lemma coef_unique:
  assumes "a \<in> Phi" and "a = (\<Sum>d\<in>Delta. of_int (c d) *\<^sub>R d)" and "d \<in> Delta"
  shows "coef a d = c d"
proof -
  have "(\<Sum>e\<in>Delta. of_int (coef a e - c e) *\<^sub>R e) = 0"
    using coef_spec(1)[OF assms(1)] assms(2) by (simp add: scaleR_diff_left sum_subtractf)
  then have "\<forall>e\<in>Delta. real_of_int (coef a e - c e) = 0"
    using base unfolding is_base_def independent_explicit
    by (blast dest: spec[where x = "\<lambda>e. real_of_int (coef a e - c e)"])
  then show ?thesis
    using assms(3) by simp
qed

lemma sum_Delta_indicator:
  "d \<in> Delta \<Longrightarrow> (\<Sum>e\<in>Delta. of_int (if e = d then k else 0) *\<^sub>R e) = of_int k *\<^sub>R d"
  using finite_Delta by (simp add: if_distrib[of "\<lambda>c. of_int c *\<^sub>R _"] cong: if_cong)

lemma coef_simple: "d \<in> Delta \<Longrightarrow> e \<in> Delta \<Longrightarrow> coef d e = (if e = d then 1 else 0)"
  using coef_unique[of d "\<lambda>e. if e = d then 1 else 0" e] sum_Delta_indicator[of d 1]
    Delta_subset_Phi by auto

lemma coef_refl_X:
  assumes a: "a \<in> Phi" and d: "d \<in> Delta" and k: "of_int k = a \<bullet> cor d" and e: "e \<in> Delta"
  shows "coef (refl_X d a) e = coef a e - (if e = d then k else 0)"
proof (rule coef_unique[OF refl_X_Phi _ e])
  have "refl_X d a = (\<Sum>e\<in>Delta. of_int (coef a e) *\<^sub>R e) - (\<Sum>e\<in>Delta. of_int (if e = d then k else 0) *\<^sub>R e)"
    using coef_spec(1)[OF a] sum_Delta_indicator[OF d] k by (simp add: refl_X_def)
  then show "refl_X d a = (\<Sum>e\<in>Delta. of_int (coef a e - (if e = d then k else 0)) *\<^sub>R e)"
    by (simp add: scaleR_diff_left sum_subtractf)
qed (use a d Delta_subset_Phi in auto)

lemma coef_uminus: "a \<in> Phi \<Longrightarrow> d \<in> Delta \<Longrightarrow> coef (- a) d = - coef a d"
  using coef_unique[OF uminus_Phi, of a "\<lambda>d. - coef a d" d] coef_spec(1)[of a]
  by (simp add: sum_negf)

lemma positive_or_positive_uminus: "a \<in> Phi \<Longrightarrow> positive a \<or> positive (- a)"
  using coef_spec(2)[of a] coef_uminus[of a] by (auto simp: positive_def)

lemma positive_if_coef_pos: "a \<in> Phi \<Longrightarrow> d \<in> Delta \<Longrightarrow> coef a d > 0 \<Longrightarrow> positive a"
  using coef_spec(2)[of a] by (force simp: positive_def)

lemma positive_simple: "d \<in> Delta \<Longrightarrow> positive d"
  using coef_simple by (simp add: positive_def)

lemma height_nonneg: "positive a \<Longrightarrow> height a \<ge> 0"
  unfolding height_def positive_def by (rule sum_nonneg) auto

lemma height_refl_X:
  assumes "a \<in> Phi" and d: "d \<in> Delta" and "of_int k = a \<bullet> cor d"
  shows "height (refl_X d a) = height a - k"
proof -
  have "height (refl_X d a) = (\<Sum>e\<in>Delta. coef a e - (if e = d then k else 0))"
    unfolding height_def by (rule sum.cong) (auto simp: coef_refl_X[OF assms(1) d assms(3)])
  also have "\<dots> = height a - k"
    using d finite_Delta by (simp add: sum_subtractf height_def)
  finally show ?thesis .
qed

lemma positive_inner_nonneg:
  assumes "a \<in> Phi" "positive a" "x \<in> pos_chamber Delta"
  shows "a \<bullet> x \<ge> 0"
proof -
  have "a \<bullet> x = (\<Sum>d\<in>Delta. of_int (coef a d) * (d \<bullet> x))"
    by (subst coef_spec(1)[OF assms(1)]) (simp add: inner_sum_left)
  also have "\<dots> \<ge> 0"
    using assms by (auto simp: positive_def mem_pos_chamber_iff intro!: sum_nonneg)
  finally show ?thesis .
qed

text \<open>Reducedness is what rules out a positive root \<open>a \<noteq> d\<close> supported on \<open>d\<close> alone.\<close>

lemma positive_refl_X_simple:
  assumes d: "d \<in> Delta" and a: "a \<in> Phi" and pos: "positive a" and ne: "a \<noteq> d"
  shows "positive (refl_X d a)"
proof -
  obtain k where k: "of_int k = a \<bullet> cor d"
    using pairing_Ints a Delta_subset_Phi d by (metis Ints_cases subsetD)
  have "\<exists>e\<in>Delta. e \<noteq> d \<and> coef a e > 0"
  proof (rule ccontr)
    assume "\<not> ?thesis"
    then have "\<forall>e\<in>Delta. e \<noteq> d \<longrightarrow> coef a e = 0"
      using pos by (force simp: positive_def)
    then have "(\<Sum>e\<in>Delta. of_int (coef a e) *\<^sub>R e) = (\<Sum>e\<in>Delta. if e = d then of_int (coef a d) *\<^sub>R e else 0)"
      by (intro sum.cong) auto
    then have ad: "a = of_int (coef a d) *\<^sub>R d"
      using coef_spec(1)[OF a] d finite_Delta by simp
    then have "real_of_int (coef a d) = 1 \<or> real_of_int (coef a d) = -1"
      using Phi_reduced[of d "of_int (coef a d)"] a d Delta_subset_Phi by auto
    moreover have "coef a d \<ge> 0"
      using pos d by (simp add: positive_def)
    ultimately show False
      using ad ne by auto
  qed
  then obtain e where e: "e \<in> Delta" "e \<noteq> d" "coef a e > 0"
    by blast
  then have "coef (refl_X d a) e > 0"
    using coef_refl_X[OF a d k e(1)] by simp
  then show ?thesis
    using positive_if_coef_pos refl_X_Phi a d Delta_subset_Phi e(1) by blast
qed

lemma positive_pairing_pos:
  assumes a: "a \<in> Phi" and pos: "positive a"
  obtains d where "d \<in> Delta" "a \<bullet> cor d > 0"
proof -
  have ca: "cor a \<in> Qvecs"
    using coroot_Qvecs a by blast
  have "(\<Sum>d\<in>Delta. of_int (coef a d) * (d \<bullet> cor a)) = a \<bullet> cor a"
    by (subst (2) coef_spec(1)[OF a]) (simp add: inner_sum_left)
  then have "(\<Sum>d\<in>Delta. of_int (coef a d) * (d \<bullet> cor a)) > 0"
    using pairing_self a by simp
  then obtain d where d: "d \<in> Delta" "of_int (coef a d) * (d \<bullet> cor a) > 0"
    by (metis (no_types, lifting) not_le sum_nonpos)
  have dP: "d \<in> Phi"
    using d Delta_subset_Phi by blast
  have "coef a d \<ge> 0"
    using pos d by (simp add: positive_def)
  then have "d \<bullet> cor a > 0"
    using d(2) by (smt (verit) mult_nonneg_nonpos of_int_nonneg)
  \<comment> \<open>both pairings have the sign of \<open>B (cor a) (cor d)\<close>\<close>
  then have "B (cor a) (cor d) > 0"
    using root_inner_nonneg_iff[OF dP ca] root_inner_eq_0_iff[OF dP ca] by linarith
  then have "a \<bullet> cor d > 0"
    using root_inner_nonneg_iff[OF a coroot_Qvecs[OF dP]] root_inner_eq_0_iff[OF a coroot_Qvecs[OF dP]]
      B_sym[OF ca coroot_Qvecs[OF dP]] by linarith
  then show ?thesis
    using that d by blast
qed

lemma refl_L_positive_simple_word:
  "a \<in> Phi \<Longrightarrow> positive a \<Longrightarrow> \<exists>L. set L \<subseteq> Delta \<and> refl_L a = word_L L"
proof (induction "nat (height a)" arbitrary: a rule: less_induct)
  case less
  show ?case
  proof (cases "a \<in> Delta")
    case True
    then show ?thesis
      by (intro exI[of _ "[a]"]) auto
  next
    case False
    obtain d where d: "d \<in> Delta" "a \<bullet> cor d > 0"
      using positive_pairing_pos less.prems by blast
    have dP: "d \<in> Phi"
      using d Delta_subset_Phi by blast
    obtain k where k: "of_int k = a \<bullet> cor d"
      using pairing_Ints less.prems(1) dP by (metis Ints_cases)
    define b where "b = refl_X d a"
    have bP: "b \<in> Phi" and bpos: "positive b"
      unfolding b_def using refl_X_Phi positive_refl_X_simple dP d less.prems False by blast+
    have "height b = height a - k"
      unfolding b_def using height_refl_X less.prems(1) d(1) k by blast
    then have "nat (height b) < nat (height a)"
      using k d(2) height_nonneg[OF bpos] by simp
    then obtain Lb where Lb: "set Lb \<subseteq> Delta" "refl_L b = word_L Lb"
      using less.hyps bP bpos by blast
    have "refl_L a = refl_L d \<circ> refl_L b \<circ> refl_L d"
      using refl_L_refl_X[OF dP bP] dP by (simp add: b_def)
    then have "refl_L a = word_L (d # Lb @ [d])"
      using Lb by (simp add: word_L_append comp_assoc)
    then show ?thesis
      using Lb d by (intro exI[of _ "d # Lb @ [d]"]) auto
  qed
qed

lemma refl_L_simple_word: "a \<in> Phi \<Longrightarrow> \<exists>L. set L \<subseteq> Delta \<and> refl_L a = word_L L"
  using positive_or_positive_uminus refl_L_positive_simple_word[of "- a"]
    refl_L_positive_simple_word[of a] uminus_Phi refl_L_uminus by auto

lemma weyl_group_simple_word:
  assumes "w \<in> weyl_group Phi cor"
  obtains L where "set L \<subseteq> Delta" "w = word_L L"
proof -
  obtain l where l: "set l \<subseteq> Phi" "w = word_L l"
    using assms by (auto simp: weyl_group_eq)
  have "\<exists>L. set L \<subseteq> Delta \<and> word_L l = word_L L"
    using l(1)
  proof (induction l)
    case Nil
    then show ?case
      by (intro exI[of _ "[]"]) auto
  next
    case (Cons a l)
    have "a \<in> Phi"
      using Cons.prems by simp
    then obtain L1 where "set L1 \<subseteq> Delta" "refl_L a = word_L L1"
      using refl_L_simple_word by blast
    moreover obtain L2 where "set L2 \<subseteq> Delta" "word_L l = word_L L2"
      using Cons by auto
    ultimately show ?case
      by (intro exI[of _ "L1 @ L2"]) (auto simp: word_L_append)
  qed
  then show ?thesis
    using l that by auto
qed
========
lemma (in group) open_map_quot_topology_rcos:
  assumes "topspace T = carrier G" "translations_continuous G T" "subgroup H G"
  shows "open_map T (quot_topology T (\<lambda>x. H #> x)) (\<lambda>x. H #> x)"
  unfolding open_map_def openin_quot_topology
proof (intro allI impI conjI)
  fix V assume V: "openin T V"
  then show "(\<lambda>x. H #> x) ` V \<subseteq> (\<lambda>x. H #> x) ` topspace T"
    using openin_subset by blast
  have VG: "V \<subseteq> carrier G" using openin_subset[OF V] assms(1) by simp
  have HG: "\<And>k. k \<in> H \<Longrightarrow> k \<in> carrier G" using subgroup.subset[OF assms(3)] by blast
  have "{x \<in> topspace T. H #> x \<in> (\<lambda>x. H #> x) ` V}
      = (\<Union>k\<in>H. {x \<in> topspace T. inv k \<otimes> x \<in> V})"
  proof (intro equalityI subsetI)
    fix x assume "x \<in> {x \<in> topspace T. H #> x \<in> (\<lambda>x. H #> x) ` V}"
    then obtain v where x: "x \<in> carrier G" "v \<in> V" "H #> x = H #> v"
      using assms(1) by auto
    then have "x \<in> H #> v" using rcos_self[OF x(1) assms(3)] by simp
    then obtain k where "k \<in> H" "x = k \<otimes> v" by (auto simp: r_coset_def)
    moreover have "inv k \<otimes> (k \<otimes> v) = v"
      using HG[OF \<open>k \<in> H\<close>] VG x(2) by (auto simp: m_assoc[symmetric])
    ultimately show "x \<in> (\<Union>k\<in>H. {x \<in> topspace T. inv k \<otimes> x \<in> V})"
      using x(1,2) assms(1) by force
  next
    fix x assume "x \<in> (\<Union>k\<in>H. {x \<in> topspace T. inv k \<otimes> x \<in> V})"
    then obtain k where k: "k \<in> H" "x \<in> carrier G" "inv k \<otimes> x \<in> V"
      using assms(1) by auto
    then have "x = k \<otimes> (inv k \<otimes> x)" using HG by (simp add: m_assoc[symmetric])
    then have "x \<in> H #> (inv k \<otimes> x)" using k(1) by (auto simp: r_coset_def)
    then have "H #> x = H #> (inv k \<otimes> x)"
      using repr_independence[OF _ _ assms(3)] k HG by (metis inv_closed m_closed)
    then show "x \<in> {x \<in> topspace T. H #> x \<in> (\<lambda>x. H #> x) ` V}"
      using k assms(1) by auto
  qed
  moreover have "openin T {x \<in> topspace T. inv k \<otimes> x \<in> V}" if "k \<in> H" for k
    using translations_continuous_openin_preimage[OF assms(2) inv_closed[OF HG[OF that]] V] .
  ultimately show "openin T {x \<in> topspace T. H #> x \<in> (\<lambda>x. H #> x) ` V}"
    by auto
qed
========
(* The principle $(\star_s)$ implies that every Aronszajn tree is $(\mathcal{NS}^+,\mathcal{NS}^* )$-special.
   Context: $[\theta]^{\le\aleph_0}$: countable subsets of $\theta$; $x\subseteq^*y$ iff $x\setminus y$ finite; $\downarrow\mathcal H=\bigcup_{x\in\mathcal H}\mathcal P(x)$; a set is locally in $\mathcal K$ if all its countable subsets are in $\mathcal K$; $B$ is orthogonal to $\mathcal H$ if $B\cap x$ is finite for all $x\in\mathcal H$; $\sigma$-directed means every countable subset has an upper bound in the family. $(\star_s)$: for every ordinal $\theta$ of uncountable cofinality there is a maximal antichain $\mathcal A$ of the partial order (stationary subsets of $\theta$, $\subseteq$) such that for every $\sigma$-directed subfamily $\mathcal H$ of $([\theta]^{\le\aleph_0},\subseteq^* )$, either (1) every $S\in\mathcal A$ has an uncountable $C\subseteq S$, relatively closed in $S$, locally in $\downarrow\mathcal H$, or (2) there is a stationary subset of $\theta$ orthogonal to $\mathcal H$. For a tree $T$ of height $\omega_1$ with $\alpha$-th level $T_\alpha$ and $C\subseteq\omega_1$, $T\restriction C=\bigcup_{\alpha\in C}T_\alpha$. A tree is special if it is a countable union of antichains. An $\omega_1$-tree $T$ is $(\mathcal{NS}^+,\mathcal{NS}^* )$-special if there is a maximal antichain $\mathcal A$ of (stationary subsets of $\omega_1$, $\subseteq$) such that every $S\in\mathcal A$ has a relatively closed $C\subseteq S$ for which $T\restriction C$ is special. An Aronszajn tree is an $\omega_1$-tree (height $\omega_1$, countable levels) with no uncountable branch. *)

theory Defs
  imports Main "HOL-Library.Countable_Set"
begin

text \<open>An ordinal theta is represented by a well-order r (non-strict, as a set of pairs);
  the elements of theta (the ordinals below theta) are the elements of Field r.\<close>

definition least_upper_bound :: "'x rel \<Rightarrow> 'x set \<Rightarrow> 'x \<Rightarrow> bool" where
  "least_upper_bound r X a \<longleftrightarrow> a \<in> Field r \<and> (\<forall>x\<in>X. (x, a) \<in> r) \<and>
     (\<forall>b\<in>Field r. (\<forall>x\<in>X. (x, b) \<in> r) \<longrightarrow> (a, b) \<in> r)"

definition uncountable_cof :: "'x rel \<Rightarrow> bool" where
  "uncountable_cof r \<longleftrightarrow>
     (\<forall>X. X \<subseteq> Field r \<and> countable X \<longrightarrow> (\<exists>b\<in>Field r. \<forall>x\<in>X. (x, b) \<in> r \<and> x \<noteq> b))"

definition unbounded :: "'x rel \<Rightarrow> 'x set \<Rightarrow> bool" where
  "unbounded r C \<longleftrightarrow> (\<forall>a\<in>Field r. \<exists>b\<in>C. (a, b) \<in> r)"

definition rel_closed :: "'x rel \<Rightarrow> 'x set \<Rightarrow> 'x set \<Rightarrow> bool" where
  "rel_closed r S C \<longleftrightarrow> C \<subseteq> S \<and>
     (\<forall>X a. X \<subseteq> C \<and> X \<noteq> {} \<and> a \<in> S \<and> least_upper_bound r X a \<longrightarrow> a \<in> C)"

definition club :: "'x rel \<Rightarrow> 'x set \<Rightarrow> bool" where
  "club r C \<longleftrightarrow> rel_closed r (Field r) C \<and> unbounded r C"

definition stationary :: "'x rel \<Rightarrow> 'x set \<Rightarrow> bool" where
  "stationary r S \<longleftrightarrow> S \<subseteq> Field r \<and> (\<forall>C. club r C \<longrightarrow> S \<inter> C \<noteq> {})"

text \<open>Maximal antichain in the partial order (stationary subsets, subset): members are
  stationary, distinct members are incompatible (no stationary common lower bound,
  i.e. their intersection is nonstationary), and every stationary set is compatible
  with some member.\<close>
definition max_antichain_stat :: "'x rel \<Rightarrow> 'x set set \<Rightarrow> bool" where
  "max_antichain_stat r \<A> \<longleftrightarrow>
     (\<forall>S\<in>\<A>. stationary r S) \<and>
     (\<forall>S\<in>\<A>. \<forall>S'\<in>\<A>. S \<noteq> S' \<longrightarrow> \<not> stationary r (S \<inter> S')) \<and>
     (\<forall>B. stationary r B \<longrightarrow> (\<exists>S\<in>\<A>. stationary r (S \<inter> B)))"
========
Search the material above for the word "unfolding", then copy out each line that has it.

_RESULT_
    using base unfolding is_base_def independent_explicit
  unfolding height_def positive_def by (rule sum_nonneg) auto
    unfolding height_def by (rule sum.cong) (auto simp: coef_refl_X[OF assms(1) d assms(3)])
      unfolding b_def using refl_X_Phi positive_refl_X_simple dP d less.prems False by blast+
      unfolding b_def using height_refl_X less.prems(1) d(1) k by blast
  unfolding open_map_def openin_quot_topology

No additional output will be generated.